Work to complete: Lines from the one containing "using continuous_attains_inf[OF _" through the end of the data below are to be transcribed exactly; leave out all others.

****************

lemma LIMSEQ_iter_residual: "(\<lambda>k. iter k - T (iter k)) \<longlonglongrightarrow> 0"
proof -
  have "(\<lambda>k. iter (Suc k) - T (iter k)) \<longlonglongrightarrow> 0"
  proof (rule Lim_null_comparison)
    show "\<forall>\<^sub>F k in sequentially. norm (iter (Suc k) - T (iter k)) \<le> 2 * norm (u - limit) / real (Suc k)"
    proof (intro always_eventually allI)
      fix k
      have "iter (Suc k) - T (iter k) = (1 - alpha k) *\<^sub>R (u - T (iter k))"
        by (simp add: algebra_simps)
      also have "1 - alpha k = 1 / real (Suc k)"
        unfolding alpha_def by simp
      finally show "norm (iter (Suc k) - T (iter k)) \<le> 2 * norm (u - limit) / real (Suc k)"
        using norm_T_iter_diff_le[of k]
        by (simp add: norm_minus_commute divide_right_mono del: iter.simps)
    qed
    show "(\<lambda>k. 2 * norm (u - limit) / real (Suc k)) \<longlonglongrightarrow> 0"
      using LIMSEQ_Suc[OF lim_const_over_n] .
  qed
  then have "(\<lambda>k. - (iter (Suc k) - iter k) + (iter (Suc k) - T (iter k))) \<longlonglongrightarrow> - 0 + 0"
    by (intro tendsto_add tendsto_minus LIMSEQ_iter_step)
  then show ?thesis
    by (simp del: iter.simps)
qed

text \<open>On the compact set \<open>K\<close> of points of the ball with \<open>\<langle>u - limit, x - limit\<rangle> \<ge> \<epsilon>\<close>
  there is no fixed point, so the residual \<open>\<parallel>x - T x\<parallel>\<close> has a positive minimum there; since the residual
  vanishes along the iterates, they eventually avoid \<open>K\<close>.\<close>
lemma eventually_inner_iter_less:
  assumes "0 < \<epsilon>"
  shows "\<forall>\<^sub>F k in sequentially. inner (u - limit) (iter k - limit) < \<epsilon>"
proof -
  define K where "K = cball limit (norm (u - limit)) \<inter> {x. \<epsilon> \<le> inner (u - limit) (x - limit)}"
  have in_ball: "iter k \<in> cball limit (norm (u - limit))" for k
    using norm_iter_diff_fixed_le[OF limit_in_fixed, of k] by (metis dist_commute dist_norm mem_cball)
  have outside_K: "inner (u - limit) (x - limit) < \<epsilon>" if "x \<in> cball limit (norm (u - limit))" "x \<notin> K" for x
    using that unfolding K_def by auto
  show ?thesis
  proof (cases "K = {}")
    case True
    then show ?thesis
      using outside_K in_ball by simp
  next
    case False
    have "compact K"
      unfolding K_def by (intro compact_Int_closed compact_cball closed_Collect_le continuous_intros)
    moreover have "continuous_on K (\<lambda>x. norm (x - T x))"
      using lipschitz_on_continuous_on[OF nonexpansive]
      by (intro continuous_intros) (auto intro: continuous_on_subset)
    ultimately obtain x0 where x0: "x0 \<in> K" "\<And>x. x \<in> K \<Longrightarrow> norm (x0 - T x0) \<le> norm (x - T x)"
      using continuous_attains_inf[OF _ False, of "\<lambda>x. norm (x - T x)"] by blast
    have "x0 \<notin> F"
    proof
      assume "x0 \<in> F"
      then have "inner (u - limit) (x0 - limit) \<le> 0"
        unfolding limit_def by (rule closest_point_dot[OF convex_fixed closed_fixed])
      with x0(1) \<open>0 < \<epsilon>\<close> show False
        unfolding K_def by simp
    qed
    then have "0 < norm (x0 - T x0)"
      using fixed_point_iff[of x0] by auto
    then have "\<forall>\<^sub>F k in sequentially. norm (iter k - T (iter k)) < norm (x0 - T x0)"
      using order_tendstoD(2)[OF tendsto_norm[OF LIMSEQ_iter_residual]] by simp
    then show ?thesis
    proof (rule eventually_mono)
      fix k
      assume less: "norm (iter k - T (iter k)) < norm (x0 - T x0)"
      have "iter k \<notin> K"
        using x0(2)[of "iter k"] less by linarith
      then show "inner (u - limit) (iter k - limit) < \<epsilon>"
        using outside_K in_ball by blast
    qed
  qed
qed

****************

Answer to this problem:
      using continuous_attains_inf[OF _ False, of "\<lambda>x. norm (x - T x)"] by blast
    have "x0 \<notin> F"
    proof
      assume "x0 \<in> F"
      then have "inner (u - limit) (x0 - limit) \<le> 0"
        unfolding limit_def by (rule closest_point_dot[OF convex_fixed closed_fixed])
      with x0(1) \<open>0 < \<epsilon>\<close> show False
        unfolding K_def by simp
    qed
    then have "0 < norm (x0 - T x0)"
      using fixed_point_iff[of x0] by auto
    then have "\<forall>\<^sub>F k in sequentially. norm (iter k - T (iter k)) < norm (x0 - T x0)"
      using order_tendstoD(2)[OF tendsto_norm[OF LIMSEQ_iter_residual]] by simp
    then show ?thesis
    proof (rule eventually_mono)
      fix k
      assume less: "norm (iter k - T (iter k)) < norm (x0 - T x0)"
      have "iter k \<notin> K"
        using x0(2)[of "iter k"] less by linarith
      then show "inner (u - limit) (iter k - limit) < \<epsilon>"
        using outside_K in_ball by blast
    qed
  qed
qed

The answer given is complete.